John Kanzius was diagnosed with terminal leukemia six years ago. Watching children endure difficult chemo treatments while he was undergoing his own chemotherapy motivated him to come up with an alternative. At the start of his interview with 60 Minutes correspondent Lesley Stahl, he said [1]:

I have no business being in the cancer business. It’s not something that a layman like me should in, it should be left to doctors and research people.
[Lesley Stahl: But sometimes it takes an outsider.]
Sometimes it just — maybe you get lucky.

And lucky he has been. Kanzius is a retired radio technician and station owner. As an alternative to chemotherapy, his idea was to build a radio-wave machine that focused radio waves to destroy cancer cells. Kanzius knew that strong radio waves could heat metal and wondered if metal injected in a tumor would heat up when placed in a radio-wave field, thereby killing the cells. Following initial experiments with a garage-built prototype, he spent about $200,000 to have an advanced version of his radio-wave machine built. Using hotdogs injected with copper sulfate (an aqueous metal solution), Kanzius found that he could heat up small regions injected with the metal by placing them in a radio-wave field, leaving surrounding areas unharmed.

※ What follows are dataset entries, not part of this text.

lemma dominating_set_of_maximal_independent_pair:
  assumes G: "simple_graph V E" and xy: "E x y" and "y \<notin> S"
    and ix: "independent V E (insert x S)" and my: "maximal_independent V E (insert y S)"
  shows "\<exists>Sx. independent V E Sx \<and> Sx \<subseteq> nbhd_dist V E 2 x - nbhd_dist V E 1 y
           \<and> dominates E Sx (nbhd_dist V E 1 x \<inter> nbhd_dist V E 2 y)"
proof (intro exI conjI)
  let ?Sx = "S \<inter> nbhd_dist V E 2 x"
  have iy: "independent V E (insert y S)"
    and dom: "\<forall>v \<in> V - insert y S. \<exists>u \<in> insert y S. E u v"
    using my maximal_independent_iff_dominating[OF G] by blast+
  show "independent V E ?Sx" using ix unfolding independent_def by blast
  show "?Sx \<subseteq> nbhd_dist V E 2 x - nbhd_dist V E 1 y"
    using iy unfolding nbhd_dist_1[OF G] independent_def by blast
  show "dominates E ?Sx (nbhd_dist V E 1 x \<inter> nbhd_dist V E 2 y)"
    unfolding dominates_def
  proof
    fix t assume "t \<in> nbhd_dist V E 1 x \<inter> nbhd_dist V E 2 y"
    then have t: "t \<in> V" "E x t" "t \<noteq> y" "\<not> E y t"
      unfolding nbhd_dist_1[OF G] nbhd_dist_2[OF G] by auto
    have "t \<notin> S" using ix t(2) unfolding independent_def by blast
    then obtain s where s: "s \<in> S" "E s t" using dom t by blast
    have "x \<notin> S" using iy xy unfolding independent_def by blast
    moreover have "\<not> E x s" using ix s(1) unfolding independent_def by blast
    ultimately have "s \<in> nbhd_dist V E 2 x"
      using s t(2) simple_graph_sym[OF G] simple_graph_edge_in_vertices[OF G]
      unfolding nbhd_dist_2[OF G] by blast
    with s show "t \<in> ?Sx \<or> (\<exists>s \<in> ?Sx. E s t)" by blast
  qed
qed

lemma maximal_independent_insert_endpoint:
  assumes G: "simple_graph V E" and xy: "E x y"
    and iS: "independent V E S" and far: "S \<subseteq> far_from_edge V E x y"
    and dom_far: "\<forall>v \<in> far_from_edge V E x y - S. \<exists>u \<in> S. E u v"
    and dom_y: "\<forall>v \<in> nbhd_dist V E 1 y \<inter> nbhd_dist V E 2 x. \<exists>u \<in> S. E u v"
  shows "maximal_independent V E (insert x S)"
proof -
  have "\<not> E x s \<and> \<not> E s x" if "s \<in> S" for s
    using that far simple_graph_sym[OF G] unfolding far_from_edge_def by blast
  then have "independent V E (insert x S)"
    using iS simple_graph_edge_in_vertices[OF G xy] simple_graph_irrefl[OF G]
    unfolding independent_def by auto
  moreover have "\<exists>u \<in> insert x S. E u v" if v: "v \<in> V - insert x S" for v
  proof (cases "E x v \<or> v = y")
    case True
    with xy show ?thesis by blast
  next
    case False
    then have "v \<in> far_from_edge V E x y - S \<or> v \<in> nbhd_dist V E 1 y \<inter> nbhd_dist V E 2 x"
      using v xy unfolding far_from_edge_def nbhd_dist_1[OF G] nbhd_dist_2[OF G] by blast
    with v dom_far dom_y show ?thesis by blast
  qed
  ultimately show ?thesis using maximal_independent_iff_dominating[OF G] by blast
qed

lemma no_edge_between_dominators:
  assumes G: "simple_graph V E" and "\<not> has_cycle V E 6" and xy: "E x y"
    and a: "a \<in> nbhd_dist V E 1 x \<inter> nbhd_dist V E 2 y" "E s a"
    and s: "s \<in> nbhd_dist V E 2 x - nbhd_dist V E 1 y"
    and b: "b \<in> nbhd_dist V E 1 y \<inter> nbhd_dist V E 2 x" "E t b"
    and t: "t \<in> nbhd_dist V E 2 y - nbhd_dist V E 1 x"
  shows "\<not> E s t"
proof
  assume st: "E s t"
  let ?cycle = "[x, a, s, t, b, y]"
  have "distinct ?cycle" "set ?cycle \<subseteq> V"
    using a b s t st simple_graph_edge_in_vertices[OF G xy]
      simple_graph_irrefl[OF G] simple_graph_sym[OF G]
    unfolding nbhd_dist_1[OF G] nbhd_dist_2[OF G] by auto
  moreover have "successively E ?cycle" "E (last ?cycle) (hd ?cycle)"
    using a b s t st xy simple_graph_sym[OF G] unfolding nbhd_dist_1[OF G] by auto
  ultimately have "has_cycle V E (length ?cycle)" by (intro has_cycle_of_list) auto
  moreover have "length ?cycle = 6" by simp
  ultimately show False using assms(2) by metis
qed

Dr. Steven Curley and colleagues at the MD Anderson Cancer Center have begun testing Kanzius’ radio-wave technology on animals. Instead of copper sulfate, the researchers are using single-walled carbon nanotubes — molecular-scale tubes of graphitic carbon that, among other unique properties, are efficient conductors of heat. The nanoparticles are so small, thousands of them can fit inside a single cell. In a paper published in the December 2007 issue of the journal Cancer, the researchers demonstrated that, when exposed to a non-invasive radiofrequency (RF) field, an aqueous suspension of carbon nanotubes injected in malignant liver cancer tumors in rabbits produced lethal thermal injury to cancer cells [2]. The controls, tumors exposed only to the RF field or only to the nanotubes, were undamaged. However, some healthy liver tissue surrounding the cancerous tissue sustained heat damage due to nanotube leakage from the tumor.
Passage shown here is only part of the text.